Dataset excerpts
§

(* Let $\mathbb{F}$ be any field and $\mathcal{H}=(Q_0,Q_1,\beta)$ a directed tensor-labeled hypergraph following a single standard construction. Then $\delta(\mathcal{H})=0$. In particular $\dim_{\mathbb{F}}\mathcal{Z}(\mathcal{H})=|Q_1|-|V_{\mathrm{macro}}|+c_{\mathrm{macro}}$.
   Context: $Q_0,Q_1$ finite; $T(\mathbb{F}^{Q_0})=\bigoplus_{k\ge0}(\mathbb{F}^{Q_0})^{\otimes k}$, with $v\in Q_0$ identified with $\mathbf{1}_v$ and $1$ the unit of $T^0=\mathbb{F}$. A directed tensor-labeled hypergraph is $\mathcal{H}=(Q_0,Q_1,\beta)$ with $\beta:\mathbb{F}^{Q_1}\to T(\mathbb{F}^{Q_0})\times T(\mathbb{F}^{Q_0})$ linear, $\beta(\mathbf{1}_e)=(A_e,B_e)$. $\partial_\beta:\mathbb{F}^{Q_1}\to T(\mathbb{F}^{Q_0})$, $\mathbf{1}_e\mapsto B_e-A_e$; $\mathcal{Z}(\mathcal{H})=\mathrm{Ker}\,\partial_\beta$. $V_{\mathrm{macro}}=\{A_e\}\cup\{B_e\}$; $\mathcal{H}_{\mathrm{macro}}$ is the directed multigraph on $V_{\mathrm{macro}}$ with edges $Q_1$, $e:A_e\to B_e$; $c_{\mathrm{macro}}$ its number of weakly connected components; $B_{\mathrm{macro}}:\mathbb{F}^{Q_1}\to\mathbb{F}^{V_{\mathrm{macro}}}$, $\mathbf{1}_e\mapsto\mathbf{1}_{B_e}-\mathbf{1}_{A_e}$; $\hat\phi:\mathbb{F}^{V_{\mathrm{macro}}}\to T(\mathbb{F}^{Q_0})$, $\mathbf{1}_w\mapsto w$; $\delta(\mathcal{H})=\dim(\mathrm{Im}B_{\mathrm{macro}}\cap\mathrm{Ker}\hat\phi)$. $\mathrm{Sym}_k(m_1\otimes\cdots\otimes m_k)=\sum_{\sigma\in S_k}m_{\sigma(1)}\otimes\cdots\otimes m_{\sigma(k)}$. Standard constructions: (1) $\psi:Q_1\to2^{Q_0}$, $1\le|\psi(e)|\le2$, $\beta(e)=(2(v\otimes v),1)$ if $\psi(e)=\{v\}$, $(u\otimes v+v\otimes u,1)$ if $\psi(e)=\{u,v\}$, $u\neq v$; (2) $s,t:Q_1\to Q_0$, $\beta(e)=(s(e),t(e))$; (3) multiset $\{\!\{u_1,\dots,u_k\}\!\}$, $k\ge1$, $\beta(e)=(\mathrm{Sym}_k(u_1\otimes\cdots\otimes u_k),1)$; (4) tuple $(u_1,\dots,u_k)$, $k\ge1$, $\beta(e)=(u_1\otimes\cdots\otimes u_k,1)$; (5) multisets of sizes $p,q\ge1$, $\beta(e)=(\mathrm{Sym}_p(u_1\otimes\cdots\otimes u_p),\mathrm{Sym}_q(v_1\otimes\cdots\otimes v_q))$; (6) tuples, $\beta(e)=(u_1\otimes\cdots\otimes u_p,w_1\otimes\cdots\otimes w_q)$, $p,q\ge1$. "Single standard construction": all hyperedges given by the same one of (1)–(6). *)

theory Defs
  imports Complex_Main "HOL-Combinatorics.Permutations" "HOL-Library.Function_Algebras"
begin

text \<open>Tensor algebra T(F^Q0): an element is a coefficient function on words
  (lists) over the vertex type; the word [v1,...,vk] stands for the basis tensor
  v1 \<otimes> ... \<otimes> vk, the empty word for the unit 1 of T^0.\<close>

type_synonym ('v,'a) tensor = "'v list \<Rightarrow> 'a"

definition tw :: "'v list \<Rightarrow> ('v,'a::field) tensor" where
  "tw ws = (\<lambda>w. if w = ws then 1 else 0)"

§

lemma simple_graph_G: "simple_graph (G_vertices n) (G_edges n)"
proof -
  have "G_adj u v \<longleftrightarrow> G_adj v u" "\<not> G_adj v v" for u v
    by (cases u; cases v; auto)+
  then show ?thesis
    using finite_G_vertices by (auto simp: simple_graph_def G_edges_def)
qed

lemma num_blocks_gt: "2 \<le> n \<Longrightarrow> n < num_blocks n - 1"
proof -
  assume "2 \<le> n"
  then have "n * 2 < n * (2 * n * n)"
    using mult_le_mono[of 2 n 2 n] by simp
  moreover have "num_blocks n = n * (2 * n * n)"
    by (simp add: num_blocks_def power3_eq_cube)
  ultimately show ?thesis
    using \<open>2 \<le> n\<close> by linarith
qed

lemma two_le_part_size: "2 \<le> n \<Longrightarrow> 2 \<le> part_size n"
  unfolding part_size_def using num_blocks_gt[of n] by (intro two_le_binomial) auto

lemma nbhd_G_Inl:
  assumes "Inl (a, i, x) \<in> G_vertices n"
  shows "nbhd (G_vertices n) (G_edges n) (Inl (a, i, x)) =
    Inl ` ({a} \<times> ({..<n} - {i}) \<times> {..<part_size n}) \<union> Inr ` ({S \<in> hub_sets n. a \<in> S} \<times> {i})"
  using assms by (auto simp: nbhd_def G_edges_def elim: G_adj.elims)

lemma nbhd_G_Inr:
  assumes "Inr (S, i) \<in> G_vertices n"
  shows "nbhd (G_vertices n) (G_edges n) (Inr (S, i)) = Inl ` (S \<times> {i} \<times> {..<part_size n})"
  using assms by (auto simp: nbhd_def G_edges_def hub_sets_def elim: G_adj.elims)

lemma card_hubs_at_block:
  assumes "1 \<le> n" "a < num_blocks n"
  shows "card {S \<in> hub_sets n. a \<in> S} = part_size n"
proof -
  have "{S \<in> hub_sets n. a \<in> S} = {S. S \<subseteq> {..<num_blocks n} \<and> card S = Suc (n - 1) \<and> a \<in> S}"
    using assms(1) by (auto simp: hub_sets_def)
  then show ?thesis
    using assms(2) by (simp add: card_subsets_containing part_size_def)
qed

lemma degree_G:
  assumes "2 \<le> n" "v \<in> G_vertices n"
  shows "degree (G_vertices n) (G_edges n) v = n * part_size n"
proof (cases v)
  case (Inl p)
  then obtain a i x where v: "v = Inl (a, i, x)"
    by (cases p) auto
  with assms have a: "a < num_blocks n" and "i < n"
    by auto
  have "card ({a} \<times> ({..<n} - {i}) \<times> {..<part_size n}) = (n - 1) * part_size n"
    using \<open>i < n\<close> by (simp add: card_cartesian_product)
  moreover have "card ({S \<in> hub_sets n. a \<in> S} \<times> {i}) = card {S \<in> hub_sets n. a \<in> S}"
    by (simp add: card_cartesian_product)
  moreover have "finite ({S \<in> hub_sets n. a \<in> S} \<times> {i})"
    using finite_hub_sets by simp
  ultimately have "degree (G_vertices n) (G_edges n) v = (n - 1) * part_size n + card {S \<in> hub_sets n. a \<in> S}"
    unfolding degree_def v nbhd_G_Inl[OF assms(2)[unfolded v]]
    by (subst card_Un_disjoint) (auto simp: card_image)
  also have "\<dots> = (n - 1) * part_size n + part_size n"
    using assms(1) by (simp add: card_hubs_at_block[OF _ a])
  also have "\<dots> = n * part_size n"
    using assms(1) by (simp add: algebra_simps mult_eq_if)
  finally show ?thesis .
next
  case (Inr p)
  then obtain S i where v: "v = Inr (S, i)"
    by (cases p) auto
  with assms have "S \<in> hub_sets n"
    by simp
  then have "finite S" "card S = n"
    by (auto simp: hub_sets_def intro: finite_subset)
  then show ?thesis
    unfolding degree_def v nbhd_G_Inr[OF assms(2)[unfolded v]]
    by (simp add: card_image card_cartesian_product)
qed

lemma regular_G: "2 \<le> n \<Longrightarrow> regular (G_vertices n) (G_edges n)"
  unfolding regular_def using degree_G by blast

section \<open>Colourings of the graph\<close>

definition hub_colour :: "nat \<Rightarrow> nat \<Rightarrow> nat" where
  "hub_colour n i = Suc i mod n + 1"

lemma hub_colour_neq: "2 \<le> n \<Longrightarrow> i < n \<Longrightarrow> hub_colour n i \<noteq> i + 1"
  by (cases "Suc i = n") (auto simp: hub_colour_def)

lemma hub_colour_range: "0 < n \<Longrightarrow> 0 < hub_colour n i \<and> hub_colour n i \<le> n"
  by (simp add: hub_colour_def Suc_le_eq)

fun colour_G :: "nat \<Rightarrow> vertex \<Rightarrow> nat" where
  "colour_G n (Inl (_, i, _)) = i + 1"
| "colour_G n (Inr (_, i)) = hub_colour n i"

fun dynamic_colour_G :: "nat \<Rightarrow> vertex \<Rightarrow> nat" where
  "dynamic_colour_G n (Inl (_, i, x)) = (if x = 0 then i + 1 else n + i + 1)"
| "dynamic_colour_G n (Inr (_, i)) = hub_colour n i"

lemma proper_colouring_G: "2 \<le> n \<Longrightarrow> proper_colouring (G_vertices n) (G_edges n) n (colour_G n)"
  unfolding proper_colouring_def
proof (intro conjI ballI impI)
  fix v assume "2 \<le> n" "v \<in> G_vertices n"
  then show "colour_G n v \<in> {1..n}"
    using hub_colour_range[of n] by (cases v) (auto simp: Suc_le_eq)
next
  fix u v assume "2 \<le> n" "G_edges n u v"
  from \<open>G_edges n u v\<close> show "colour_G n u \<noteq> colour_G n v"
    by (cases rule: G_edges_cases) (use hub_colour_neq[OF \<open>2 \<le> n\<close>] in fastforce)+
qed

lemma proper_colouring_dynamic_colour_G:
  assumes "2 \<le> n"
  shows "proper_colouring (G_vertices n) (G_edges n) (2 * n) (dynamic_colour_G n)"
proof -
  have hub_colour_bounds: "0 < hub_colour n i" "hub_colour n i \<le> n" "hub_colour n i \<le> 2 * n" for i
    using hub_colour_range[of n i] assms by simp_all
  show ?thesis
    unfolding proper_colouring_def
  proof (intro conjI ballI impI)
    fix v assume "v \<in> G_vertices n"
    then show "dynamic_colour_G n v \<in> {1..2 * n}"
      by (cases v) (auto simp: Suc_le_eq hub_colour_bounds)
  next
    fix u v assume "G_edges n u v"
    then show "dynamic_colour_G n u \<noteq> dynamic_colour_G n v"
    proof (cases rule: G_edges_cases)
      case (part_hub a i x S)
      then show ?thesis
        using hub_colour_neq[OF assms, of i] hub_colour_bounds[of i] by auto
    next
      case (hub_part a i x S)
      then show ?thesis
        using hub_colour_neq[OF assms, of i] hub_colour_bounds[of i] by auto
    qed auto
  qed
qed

§

The sole thing to report is how many lines in the data hold the string "field".

2